Michael Fitzpatrick



Michael Fitzpatrick


26. Mai 2022

Lending Focus - May 2022 – 5 von 6 Insights

Class actions acting in restraint of trade and solicitors' undertakings Supreme Court ruling


In Harcus Sinclair LLP v Your Lawyers Ltd, the Supreme Court considered whether a non-compete undertaking given by one law firm to another was unenforceable as an unreasonable restraint of trade. 

The Court also commented on another issue which has generated much interest amongst lawyers, by way of obiter.  This related to the nature of the undertaking and whether and how it could be enforced in circumstances where the giver worked for an LLP.  The Supreme Court commented on the unsatisfactory position regarding the court's supervisory jurisdiction to enforce solicitors' undertakings over incorporated law firms and expressed the wish that Parliament intervene.


Your Lawyers Ltd (YL) and Harcus Sinclair LLP (HS) contemplated working together on a group action relating to diesel emissions from Volkswagen vehicles.  Pursuant to the potential collaboration, in April 2016, YL sent a non-disclosure agreement to Mr Parker (a member of HS at the relevant time) who signed this for and on behalf of HS. The non-disclosure agreement contained the following non-compete undertaking stated to last for six years:

"[HS] further undertakes not to accept instructions for or to act on behalf of any other group of Claimants in the contemplated Group Action without the express permission of [YL]."

In the end, despite working together for several months, no binding collaboration agreement was reached. HS partnered with another law firm and recruited its own claimants. The dispute concerned the HS litigation vehicle seeking to be named as the lead law firm, with YL contesting the right of the HS entity to represent these claimants at all.


The Supreme Court overturned the Court of Appeal's decision in favour of HS, holding that the non-compete undertaking was not an unreasonable restraint on trade.

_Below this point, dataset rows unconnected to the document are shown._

lemma lattice_circuit_in_ideal:
  assumes C: "lattice_circuit (lattice_of_ideal I) C"
  shows "C \<in> I"
  using C unfolding lattice_circuit_def
proof (elim disjE exE conjE)
  fix u v assume "u \<noteq> v" "u - v \<in> lattice_of_ideal I" "C = {u, v}"
  then show ?thesis using pair_in_ideal_iff[OF degree_2_ideal \<open>u \<noteq> v\<close>] by simp
next
  fix u v w
  assume uvw: "u \<noteq> v" "u \<noteq> w" "v \<noteq> w" "u - v \<notin> lattice_of_ideal I"
    "u - w \<notin> lattice_of_ideal I" "v - w \<notin> lattice_of_ideal I" "C = {u, v, w}"
  then obtain h where h: "h \<in> I" "h \<noteq> {}" "h \<subseteq> C"
    using degree_2_three_dependent[of C] by auto
  have not_in_pair: "\<not> h \<subseteq> {a, b}" if "a \<noteq> b" "a - b \<notin> lattice_of_ideal I" for a b
  proof
    assume "h \<subseteq> {a, b}"
    with h(2) have "h = {a} \<or> h = {b} \<or> h = {a, b}" by auto
    then show False
      using h(1) that degree_2_singleton_notin pair_in_ideal_iff[OF degree_2_ideal \<open>a \<noteq> b\<close>]
      by auto
  qed
  have "u \<in> h" "v \<in> h" "w \<in> h"
    using not_in_pair[of v w] not_in_pair[of u w] not_in_pair[of u v] h(3) uvw by auto
  with h(3) uvw(7) have "h = C" by auto
  with h(1) show ?thesis by simp
qed
lemma Lc_eq_gap_prod:
  assumes "X \<noteq> {}"
  shows "Lc H c lam n X = gap_prod (\<lambda>k. real k powr (2*H - 2)) X"
proof -
  define xs where "xs = sorted_list_of_set X"
  have le: "xs ! i \<le> xs ! Suc i" if "Suc i < length xs" for i
    using sorted_nth_mono[OF sorted_sorted_list_of_set[of X], of i "Suc i"] that by (simp add: xs_def)
  have "{1..<length xs} = {Suc 0..<Suc (length xs - 1)}" by auto
  then have "Lc H c lam n X = (\<Prod>i\<in>{0..<length xs - 1}. \<bar>real (xs ! Suc i) - real (xs ! i)\<bar> powr (2*H - 2))"
    using assms unfolding Lc_def xs_def[symmetric] Let_def
    by (simp only: prod.atLeast_Suc_lessThan_Suc_shift if_False o_def diff_Suc_1)
  also have "\<dots> = gap_prod (\<lambda>k. real k powr (2*H - 2)) X"
    unfolding gap_prod_def xs_def[symmetric] Let_def lessThan_atLeast0
    by (intro prod.cong) (auto simp: le of_nat_diff)
  finally show ?thesis .
qed

lemma power_Lc_eq_gap_prod:
  assumes "finite X"
  shows "c ^ card X * Lc H c lam n X
    = c * gap_prod (power_seq c (2*H - 2)) X + (if X = {} then c / pn H lam n - c else 0)"
proof (cases "X = {}")
  case False
  then have "card X = Suc (card X - 1)"
    using assms by (simp add: card_gt_0_iff)
  then have "c ^ card X = c * c ^ (card X - 1)"
    by (metis power_Suc)
  then have "c ^ card X * Lc H c lam n X = c * (c ^ (card X - 1) * gap_prod (\<lambda>k. real k powr (2*H - 2)) X)"
    using Lc_eq_gap_prod[OF False] by simp
  also have "\<dots> = c * gap_prod (power_seq c (2*H - 2)) X"
    using gap_prod_cong[of "power_seq c (2*H - 2)" "\<lambda>k. c * real k powr (2*H - 2)" X]
    by (simp add: gap_prod_scale power_seq_def)
  finally show ?thesis using False by simp
qed (simp add: Lc_def)
(* Let $V=\{1,\dots,n\}$ and let $Q=(q_{ij})_{i,j=1}^n$ be a symmetric matrix with $0\le q_{ij}\le 1$. Let $G$ be the inhomogeneous random graph on $V$ obtained by joining each pair $\{i,j\}$ independently with probability $q_{ij}$. Let $S\subseteq V$ with $|S|=m$, and let $G(S)$ be the union of the connected components of $G$ that intersect $S$. Let $0<\gamma<1$. (a) If $\sum_{j\in V\setminus S} q_{ij}\le\gamma$ for all nodes $i\in V$, then $\mathbb E[|G(S)|]\le \frac{1}{1-\gamma}\,m$. (b) If $q_{ij}=\gamma/n$ for all $i\neq j$ with $i\in V\setminus S$, then $\mathbb E[|G(S)|]\ge \frac{n+\gamma n}{n+\gamma m}\,m$.
   Context: $|G(S)|$ denotes the number of nodes of $G(S)$. *)

theory Defs
  imports "HOL-Probability.Probability"
begin

text \<open>Node set V = {1..n}.  Potential edges are unordered pairs, encoded as (i,j) with i<j.\<close>

definition node_pairs :: "nat \<Rightarrow> (nat \<times> nat) set" where
  "node_pairs n = {(i, j). 1 \<le> i \<and> i < j \<and> j \<le> n}"

text \<open>Inhomogeneous random graph: each pair {i,j} (i<j) present independently with
  probability q i j.  A graph is a function from pairs to bool (False outside node_pairs).\<close>

definition random_graph :: "nat \<Rightarrow> (nat \<Rightarrow> nat \<Rightarrow> real) \<Rightarrow> (nat \<times> nat \<Rightarrow> bool) pmf" where
  "random_graph n q = Pi_pmf (node_pairs n) False (\<lambda>(i, j). bernoulli_pmf (q i j))"

definition adj :: "(nat \<times> nat \<Rightarrow> bool) \<Rightarrow> nat \<Rightarrow> nat \<Rightarrow> bool" where
  "adj G i j \<longleftrightarrow> (i < j \<and> G (i, j)) \<or> (j < i \<and> G (j, i))"

definition comp_of :: "nat \<Rightarrow> (nat \<times> nat \<Rightarrow> bool) \<Rightarrow> nat set \<Rightarrow> nat set" where
  "comp_of n G S = {v \<in> {1..n}. \<exists>s\<in>S. (adj G)\<^sup>*\<^sup>* s v}"

end

theory Submission
  imports Defs
begin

As such, it was enforceable as a matter of contract between YL and HS.

Perhaps of more interest to the legal market was the consideration of whether the non-compete undertaking was a solicitor's undertaking and whether the court's inherent supervisory jurisdiction applied to incorporated law firms, particularly so given the number of firms operating as limited liability partnerships (LLPs).

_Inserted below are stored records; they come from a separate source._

lemma sum_swap_pairs:
  "(\<Sum>i\<in>A. \<Sum>j\<in>B. \<Sum>k\<in>C. \<Sum>l\<in>D. f i j k l) = (\<Sum>k\<in>C. \<Sum>l\<in>D. \<Sum>i\<in>A. \<Sum>j\<in>B. f i j k l)"
proof -
  have "(\<Sum>i\<in>A. \<Sum>j\<in>B. \<Sum>k\<in>C. \<Sum>l\<in>D. f i j k l) = (\<Sum>i\<in>A. \<Sum>k\<in>C. \<Sum>j\<in>B. \<Sum>l\<in>D. f i j k l)"
    by (rule sum.cong[OF refl], rule sum.swap)
  also have "\<dots> = (\<Sum>i\<in>A. \<Sum>k\<in>C. \<Sum>l\<in>D. \<Sum>j\<in>B. f i j k l)"
    by (rule sum.cong[OF refl], rule sum.cong[OF refl], rule sum.swap)
  also have "\<dots> = (\<Sum>k\<in>C. \<Sum>i\<in>A. \<Sum>l\<in>D. \<Sum>j\<in>B. f i j k l)"
    by (rule sum.swap)
  also have "\<dots> = (\<Sum>k\<in>C. \<Sum>l\<in>D. \<Sum>i\<in>A. \<Sum>j\<in>B. f i j k l)"
    by (rule sum.cong[OF refl], rule sum.swap)
  finally show ?thesis .
qed

definition qform :: "'k set \<Rightarrow> ('k \<Rightarrow> 'k \<Rightarrow> complex) \<Rightarrow> ('k \<Rightarrow> complex) \<Rightarrow> complex" where
  "qform S A v = (\<Sum>i\<in>S. \<Sum>j\<in>S. cnj (v i) * A i j * v j)"

definition psd_on :: "'k set \<Rightarrow> ('k \<Rightarrow> 'k \<Rightarrow> complex) \<Rightarrow> bool" where
  "psd_on S A \<longleftrightarrow> (\<forall>v. cnonneg (qform S A v))"

lemma psd_iff_psd_on: "psd M \<longleftrightarrow> psd_on UNIV (\<lambda>i j. M $ i $ j)"
  unfolding psd_def psd_on_def qform_def
proof (intro iffI allI)
  fix v :: "'a \<Rightarrow> complex"
  assume "\<forall>v::complex^'a. cnonneg (\<Sum>i\<in>UNIV. \<Sum>j\<in>UNIV. cnj (v $ i) * M $ i $ j * v $ j)"
  from this[rule_format, of "\<chi> k. v k"]
  show "cnonneg (\<Sum>i\<in>UNIV. \<Sum>j\<in>UNIV. cnj (v i) * M $ i $ j * v j)" by simp
qed simp

lemma qform_two_points:
  assumes "finite S" "i \<in> S" "j \<in> S"
  shows "qform S A (\<lambda>k. (if k = i then a else 0) + (if k = j then b else 0))
       = cnj a * (A i i * a + A i j * b) + cnj b * (A j i * a + A j j * b)"
  using assms by (simp add: qform_def distrib_left distrib_right sum.distrib mult_if_zero sum.delta sum.delta')

lemma psd_on_diag_nonneg:
  assumes "finite S" "psd_on S A" "p \<in> S"
  shows "cnonneg (A p p)"
proof -
  have "cnonneg (qform S A (\<lambda>k. (if k = p then 1 else 0) + (if k = p then 0 else 0)))"
    using assms(2) psd_on_def by blast
  then show ?thesis unfolding qform_two_points[OF assms(1,3,3)] by simp
qed

lemma psd_on_hermitian:
  assumes "finite S" "psd_on S A" "i \<in> S" "j \<in> S"
  shows "A j i = cnj (A i j)"
proof -
  have real_form: "Im (qform S A v) = 0" for v
    using assms(2) by (simp add: psd_on_def cnonneg_def)
  have "Im (A i i) = 0" "Im (A j j) = 0"
    using psd_on_diag_nonneg[OF assms(1,2)] assms(3,4) by (auto simp: cnonneg_def)
  with real_form[of "\<lambda>k. (if k = i then 1 else 0) + (if k = j then 1 else 0)"]
       real_form[of "\<lambda>k. (if k = i then 1 else 0) + (if k = j then \<i> else 0)"]
  show ?thesis
    unfolding qform_two_points[OF assms(1,3,4)] by (simp add: complex_eq_iff algebra_simps)
qed
lemma Rval_zq_form:
  assumes q: "q \<in> qs" and M: "M \<in> SL2Z"
  shows "Rval q {M, mneg M} = form_Rval q (zq_form q M)"
proof -
  obtain A B C where F: "zq_form q M = (A,B,C)" by (cases "zq_form q M")
  define t N l where "t = real_of_int (tq q)" and "N = real_of_int (Nq q)" and "l = lam q"
  have N: "(t/2)^2 + l^2 = N" using zq_norm_sq[OF q] by (simp add: t_def l_def N_def)
  have d: "4 * real_of_int A * C - real_of_int B ^ 2 = 4 * l^2"
    using disc_zq_form_real[OF q M F] by (simp add: l_def)
  have l: "l > 0" using lam_pos[OF q] by (simp add: l_def)
  have C: "real_of_int C > 0" using zq_form_pos[OF q M F] by simp
  have w: "act {M, mneg M} (zq q) = Complex (B/(2*C)) (l/C)"
    by (simp add: act_pair moeb_zq[OF q M F] l_def)
  have "Rval q {M, mneg M} = 2*l^2 * (1 + ((t/2 - B/(2*C))^2 + (l - l/C)^2) / (2*l*(l/C)))"
    unfolding Rval_def cosh_rho_def w by (simp add: zq_eq cmod_power2 t_def l_def)
  also have "\<dots> = C * ((t/2)^2 + l^2) - t*B/2 + (B^2 + 4*l^2) / (4*C)"
    using l C by (simp add: field_simps power2_eq_square)
  also have "\<dots> = A - t*B/2 + N*C"
    unfolding N using C d[symmetric] by (simp add: field_simps)
  finally show ?thesis by (simp add: F form_Rval_def t_def N_def)
qed

definition lattice_point :: "nat \<Rightarrow> real \<Rightarrow> int\<times>int\<times>int \<Rightarrow> real \<times> real" where
  "lattice_point q n F = (case F of (A,B,C) \<Rightarrow> (lam q * (B - of_int (tq q) * C), n - 2 * (lam q)^2 * C))"

lemma theta_zq_form:
  assumes q: "q \<in> qs" and M: "M \<in> SL2Z"
    and n: "Rval q {M, mneg M} = n" "n \<noteq> 2 * (lam q)^2"
    and p: "lattice_point q n (zq_form q M) = (x, y)"
  shows "theta q {M, mneg M} = Arg (Complex x y)"
proof -
  obtain A B C where F: "zq_form q M = (A,B,C)" by (cases "zq_form q M")
  define t N l where "t = real_of_int (tq q)" and "N = real_of_int (Nq q)" and "l = lam q"
  have N: "(t/2)^2 + l^2 = N" using zq_norm_sq[OF q] by (simp add: t_def l_def N_def)
  have d: "4 * real_of_int A * C - real_of_int B ^ 2 = 4 * l^2"
    using disc_zq_form_real[OF q M F] by (simp add: l_def)
  have l: "l > 0" using lam_pos[OF q] by (simp add: l_def)
  have C: "real_of_int C > 0" using zq_form_pos[OF q M F] by simp
  have A: "real_of_int A = (B^2 + 4*l^2) / (4*C)" using d C by (simp add: field_simps)
  have n_eq: "n = A - t*B/2 + N*C"
    using Rval_zq_form[OF q M] n(1) by (simp add: F form_Rval_def t_def N_def)
  have xy: "x = l * (B - t*C)" "y = n - 2*l^2*C"
    using p by (simp_all add: F lattice_point_def t_def l_def)
  define z w where "z = zq q" and "w = act {M, mneg M} (zq q)"
  have z: "z = Complex (t/2) l" by (simp add: z_def zq_eq t_def l_def)
  have w: "w = Complex (B/(2*C)) (l/C)"
    by (simp add: w_def act_pair moeb_zq[OF q M F] l_def)
  \<comment> \<open>\<open>n \<noteq> 2 \<lambda>\<^sup>2\<close> says precisely that \<open>\<gamma>\<close> moves \<open>z\<^sub>q\<close>\<close>
  have "w \<noteq> z"
  proof
    assume "w = z"
    then have "Rval q {M, mneg M} = 2 * (lam q)^2" by (simp add: Rval_def w_def z_def cosh_rho_def)
    with n show False by simp
  qed
  have "theta q {M, mneg M} = Arg (geo_tangent z w)" by (simp add: theta_def z_def w_def)
  also have "\<dots> = Arg (Complex (2 * Im z * (Re w - Re z)) ((Re w - Re z)^2 + (Im w)^2 - (Im z)^2))"
    by (rule Arg_geo_tangent) (use \<open>w \<noteq> z\<close> l C in \<open>simp_all add: z w\<close>)
  also have "Complex (2 * Im z * (Re w - Re z)) ((Re w - Re z)^2 + (Im w)^2 - (Im z)^2)
      = of_real (1/C) * Complex x y"
    unfolding z w xy n_eq A N[symmetric] using C by (simp add: complex_eq_iff field_simps power2_eq_square)
  also have "Arg (of_real (1/C) * Complex x y) = Arg (Complex x y)"
    by (rule Arg_times_of_real) (use C in simp)
  finally show ?thesis .
qed

section \<open>Forms of value n and the lattice points\<close>

definition Rforms :: "nat \<Rightarrow> real \<Rightarrow> (int\<times>int\<times>int) set" where
  "Rforms q n = {(A,B,C). 4*A*C - B^2 = int q \<and> 0 < A \<and> form_Rval q (A,B,C) = n}"

lemma form_Rval_gt:
  assumes q: "q \<in> qs" and d: "4*A*C - B^2 = int q" and A: "0 < A"
  shows "0 < C" "\<bar>B\<bar> < A + C" "real_of_int (A + C) / 2 < form_Rval q (A,B,C)"
proof -
  have "B^2 < 4*A*C" using d qs_ge_3[OF q] by linarith
  then have "0 < 4*A*C" using zero_le_power2[of B] by linarith
  then show C: "0 < C" using A by (simp add: zero_less_mult_iff)
  have "4*A*C \<le> (A + C)^2" using zero_le_power2[of "A - C"] by (simp add: power2_eq_square algebra_simps)
  with \<open>B^2 < 4*A*C\<close> have "\<bar>B\<bar>^2 < (A + C)^2" by simp
  then show B: "\<bar>B\<bar> < A + C" by (rule power2_less_imp_less) (use A C in simp)
  have "real_of_int C \<le> of_int (Nq q) * C" using Nq_pos[OF q] C by simp
  moreover have "of_int (tq q) * real_of_int B \<le> of_int \<bar>B\<bar>" using tq_cases[of q] by auto
  ultimately show "real_of_int (A + C) / 2 < form_Rval q (A,B,C)" using B by (simp add: form_Rval_def)
qed

lemma zq_form_in_Rforms:
  assumes q: "q \<in> qs" and M: "M \<in> SL2Z"
  shows "zq_form q M \<in> Rforms q n \<longleftrightarrow> Rval q {M, mneg M} = n"
proof -
  obtain A B C where F: "zq_form q M = (A,B,C)" by (cases "zq_form q M")
  have "4*A*C - B^2 = int q" using disc_zq_form[OF q M] F by simp
  then show ?thesis using zq_form_pos[OF q M F] Rval_zq_form[OF q M] F by (auto simp: Rforms_def)
qed

lemma Nset_Rforms:
  assumes q: "q \<in> qs" and n: "n \<in> Nset q"
  obtains F where "F \<in> Rforms q n"
proof -
  obtain M where "M \<in> SL2Z" "Rval q {M, mneg M} = n" using n by (auto simp: Nset_def PSL2Z_def)
  then show thesis using that zq_form_in_Rforms[OF q] by blast
qed

lemma lattice_circle_identity:
  fixes A B C t N l n :: real
  assumes "(t/2)^2 + l^2 = N" and "n = A - t*B/2 + N*C"
  shows "(l*(B - t*C))^2 + (n - 2*l^2*C)^2 - (n^2 - 4*l^4) = l^2 * (4*l^2 - (4*A*C - B^2))"
  unfolding assms(2) assms(1)[symmetric] by (simp add: algebra_simps power2_eq_square power4_eq_xxxx)

lemma lattice_point_in_Lset:
  assumes q: "q \<in> qs" and F: "F \<in> Rforms q n"
  shows "lattice_point q n F \<in> Lset q n"
proof -
  obtain A B C where F_eq: "F = (A,B,C)" and d: "4*A*C - B^2 = int q" and nv: "form_Rval q (A,B,C) = n"
    using F by (auto simp: Rforms_def)
  define t N l where "t = real_of_int (tq q)" and "N = real_of_int (Nq q)" and "l = lam q"
  have N: "(t/2)^2 + l^2 = N" using zq_norm_sq[OF q] by (simp add: t_def l_def N_def)
  have l: "l > 0" using lam_pos[OF q] by (simp add: l_def)
  have "real_of_int (4*A*C - B^2) = 4*l^2" using d by (simp add: l_def lam_sq)
  moreover have "n = A - t*B/2 + N*C" using nv by (simp add: form_Rval_def t_def N_def)
  ultimately have "(l*(B - t*C))^2 + (n - 2*l^2*C)^2 = n^2 - 4*l^4"
    using lattice_circle_identity[OF N, of n A B C] by simp
  moreover have "(n - 2*l^2*C - n) / (2*l^2) = of_int (- C)" and "l * (B - t*C) / l = of_int (B - tq q * C)"
    using l by (simp_all add: t_def)
  ultimately show ?thesis by (simp add: F_eq Lset_def lattice_point_def t_def l_def)
qed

Solicitors' undertakings are frequently utilised in transactional work, including finance and real estate, and are supported by powers of summary enforcement.  These enforcement powers are rooted in the court's inherent jurisdiction over solicitors (though not LLPs) as officers of the court.

The Supreme Court held that the non-compete undertaking was not a solicitor's undertaking, overturning the High Court. The critical question here was whether the undertaking was given by the solicitor in their capacity as a solicitor – did the subject matter involve the sort of work which solicitors undertake as part of their ordinary professional practice? According to the Supreme Court, the non-compete undertaking had nothing to do with the provision of legal advice.  Rather, it related to YL's business interests.  A business relationship between YL and HS, even if related to the provision of legal services, was not the sort of work solicitors undertake in the ordinary course of practice.

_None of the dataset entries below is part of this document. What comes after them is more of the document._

(* Let $m\ge1$ and for $p_1,\dots,p_m\ge0$ let $K_{p_1,\dots,p_m}$ be the complete $m$-partite graph with parts of sizes $p_1,\dots,p_m$ (two vertices adjacent iff they lie in different parts). Then $$\sum_{p_1,\dots,p_m\ge0}\mathrm{sa}(K_{p_1,\dots,p_m};t)\,\frac{x_1^{p_1}}{p_1!}\cdots\frac{x_m^{p_m}}{p_m!} = e^{t(x_1+\cdots+x_m)}\,\frac{(1-m)+\cosh x_1+\cdots+\cosh x_m}{\cosh(x_1+\cdots+x_m)}.$$
   Context: All graphs are finite, simple and undirected. For a graph $G=(V,E)$ and $V'\subseteq V$, $G|_{V'}$ denotes the induced subgraph on $V'$. The signed a-number $\mathrm{sa}(G)$ is defined recursively: $\mathrm{sa}(G)=1$ if $G$ is the empty graph (no vertices); $\mathrm{sa}(G)=0$ if $G$ has a connected component with an odd number of vertices; otherwise $\mathrm{sa}(G)=-\sum_{V'\subsetneq V}\mathrm{sa}(G|_{V'})$. The signed a-polynomial of $G$ is $\mathrm{sa}(G;t)=\sum_{V'\subseteq V}\mathrm{sa}(G|_{V'})\,t^{|V\setminus V'|}$. *)

theory Defs
  imports "HOL-Analysis.Analysis"
begin

text \<open>A (simple, undirected) graph is given by a vertex set V and a symmetric,
irreflexive adjacency relation E; the induced subgraph on W is (W, E).\<close>

definition adj_in :: "('a \<Rightarrow> 'a \<Rightarrow> bool) \<Rightarrow> 'a set \<Rightarrow> 'a \<Rightarrow> 'a \<Rightarrow> bool" where
  "adj_in E V a b \<longleftrightarrow> a \<in> V \<and> b \<in> V \<and> E a b"

definition component :: "('a \<Rightarrow> 'a \<Rightarrow> bool) \<Rightarrow> 'a set \<Rightarrow> 'a \<Rightarrow> 'a set" where
  "component E V v = {u. (adj_in E V)\<^sup>*\<^sup>* v u}"

definition has_odd_component :: "('a \<Rightarrow> 'a \<Rightarrow> bool) \<Rightarrow> 'a set \<Rightarrow> bool" where
  "has_odd_component E V \<longleftrightarrow> (\<exists>v\<in>V. odd (card (component E V v)))"

function sa :: "('a \<Rightarrow> 'a \<Rightarrow> bool) \<Rightarrow> 'a set \<Rightarrow> int" where
  "sa E V = (if \<not> finite V then 0
             else if V = {} then 1
             else if has_odd_component E V then 0
             else - (\<Sum>W\<in>{W. W \<subset> V}. sa E W))"
  by auto
termination
  by (relation "Wellfounded.measure (\<lambda>(E, V). card V)") (auto intro: psubset_card_mono)

definition sa_poly :: "('a \<Rightarrow> 'a \<Rightarrow> bool) \<Rightarrow> 'a set \<Rightarrow> real \<Rightarrow> real" where
  "sa_poly E V t = (\<Sum>W\<in>Pow V. real_of_int (sa E W) * t ^ card (V - W))"

text \<open>Complete multipartite graph K_{p_0,...,p_{m-1}}: vertex (i,j) lies in part i.\<close>
definition multipartite_vertices :: "nat \<Rightarrow> (nat \<Rightarrow> nat) \<Rightarrow> (nat \<times> nat) set" where
  "multipartite_vertices m p = {(i, j). i < m \<and> j < p i}"

definition multipartite_adj :: "nat \<times> nat \<Rightarrow> nat \<times> nat \<Rightarrow> bool" where
  "multipartite_adj u v \<longleftrightarrow> fst u \<noteq> fst v"

end

theory Submission
  imports Defs
begin

text \<open>Let \<open>A(x) = \<Sum>q. sa(K_q) x^q / q!\<close>. Every induced subgraph of \<open>K_p\<close> is a complete
  multipartite graph \<open>K_q\<close> with \<open>q \<le> p\<close>, occurring \<open>\<Prod>i. (p_i choose q_i)\<close> times, so multiplying
  \<open>A(x)\<close> by a series \<open>\<Sum>r. \<phi>(|r|) x^r / r!\<close> gives the series with coefficients
  \<open>\<Sum>W \<subseteq> V(K_p). sa(W) \<phi>(|V(K_p) - W|)\<close>. For \<open>\<phi>(n) = t^n\<close> these are the signed a-polynomials,
  so the left-hand side is \<open>A(x) exp(t (x_1 + ... + x_m))\<close>. For \<open>\<phi>(n) = [n even]\<close> the recursion
  evaluates them: a complete multipartite graph has an odd component exactly when its order is
  odd or its nonempty vertex set lies inside one part, and otherwise the sum of \<open>sa\<close> over all
  its induced subgraphs vanishes. Hence \<open>A(x) cosh(x_1 + ... + x_m) = 1 - m + \<Sum>i. cosh x_i\<close>.
  Convergence near 0 comes from the crude bound \<open>|sa(G)| \<le> |G|! 2^|G|\<close>.\<close>

definition multi_indices :: "nat \<Rightarrow> (nat \<Rightarrow> nat) set" where
  "multi_indices m = {p. \<forall>i\<ge>m. p i = 0}"

lemma multi_indices_index_lt: "p \<in> multi_indices m \<Longrightarrow> p i \<noteq> 0 \<Longrightarrow> i < m"
  by (rule ccontr) (simp add: multi_indices_def)

lemma has_sum_product:
  fixes f g :: "_ \<Rightarrow> real"
  assumes f: "(f has_sum S) A" and g: "(g has_sum T) B"
  shows "((\<lambda>(a, b). f a * g b) has_sum (S * T)) (A \<times> B)"
proof -
  have fa: "(\<lambda>a. norm (f a)) summable_on A" and ga: "(\<lambda>b. norm (g b)) summable_on B"
    using f g summable_on_iff_abs_summable_on_real has_sum_imp_summable by blast+
  have "(\<lambda>z. norm ((\<lambda>(a, b). f a * g b) z)) summable_on (Sigma A (\<lambda>_. B))"
  proof (rule Infinite_Sum.abs_summable_on_Sigma_iff[THEN iffD2], intro conjI ballI)
    show "(\<lambda>b. norm ((\<lambda>(a, b). f a * g b) (a, b))) summable_on B" for a
      using summable_on_cmult_right[OF ga, of "norm (f a)"] by (simp add: abs_mult)
    show "(\<lambda>a. norm (\<Sum>\<^sub>\<infinity>b\<in>B. norm ((\<lambda>(a, b). f a * g b) (a, b)))) summable_on A"
      using summable_on_cmult_left[OF fa, of "\<Sum>\<^sub>\<infinity>b\<in>B. norm (g b)"]
      by (simp add: abs_mult infsum_cmult_right' infsum_nonneg)
  qed
  then have summable: "(\<lambda>(a, b). f a * g b) summable_on (A \<times> B)"
    using abs_summable_summable by blast
  have "(\<Sum>\<^sub>\<infinity>(a, b)\<in>A \<times> B. f a * g b) = (\<Sum>\<^sub>\<infinity>a\<in>A. \<Sum>\<^sub>\<infinity>b\<in>B. f a * g b)"
    using infsum_Sigma'_banach[of "\<lambda>a b. f a * g b" A "\<lambda>_. B"] summable by simp
  also have "\<dots> = S * T"
    using f g by (simp add: infsum_cmult_left' infsum_cmult_right' infsumI)
  finally show ?thesis
    using summable has_sum_iff by blast
qed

Given this conclusion, the following consideration was obiter, but the Supreme Court noted that the boundary of the court's supervisory jurisdiction was a point of public importance due to the role solicitors' undertakings play in practice.  Incorporated law firms are not officers of the court – neither legislation nor case law recognises them as such. 

The Supreme Court considered the arguments for extending the supervisory jurisdiction to cover LLPs, the main reason being to treat legal services providers on an even footing, but reluctantly considered this an inappropriate forum to make such a decision:

  • Firstly, this was not necessary given the case had been determined on other grounds.
  • Secondly, from a practical point of view, such a decision should be made in consultation with regulatory bodies and was better left to Parliament, where there would be consultation procedures unavailable to the courts.

The Supreme Court also considered that had this been a solicitor's undertaking, it would not have been enforceable against Mr Parker, who did not give the undertaking in a personal capacity but rather for and on behalf of HS.


It seems then that the court has no jurisdiction to enforce an undertaking given by or on behalf of an incorporated law firm, unless that undertaking is also enforceable as a contractual claim.  Given the increasing preference to practice through an incorporated law firm, most commonly an LLP, the position with respect to solicitors' undertakings is hard to reason.  The Supreme Court recognised this, noting that a temporary solution could be to ensure the undertaking is given by the solicitor in their personal capacity, but calling on Parliament to address this inconsistency of treatment between legal services providers.

The current position seems to be an (unsatisfactory) consequence of treating an LLP as a separate legal entity distinct from its members.  Where an 'undertaking' is given on behalf of an LLP, it lacks the bite of a true solicitors' undertaking.  The decision in Harcus Sinclair may make solicitors think twice about the value of undertakings when dealing with incorporated law firms.  However, the alternative suggested by the Supreme Court, of requesting that solicitors give undertakings in their personal capacity, is likely to be viewed as unduly onerous. The possibility of this gaining traction in the legal market is therefore remote.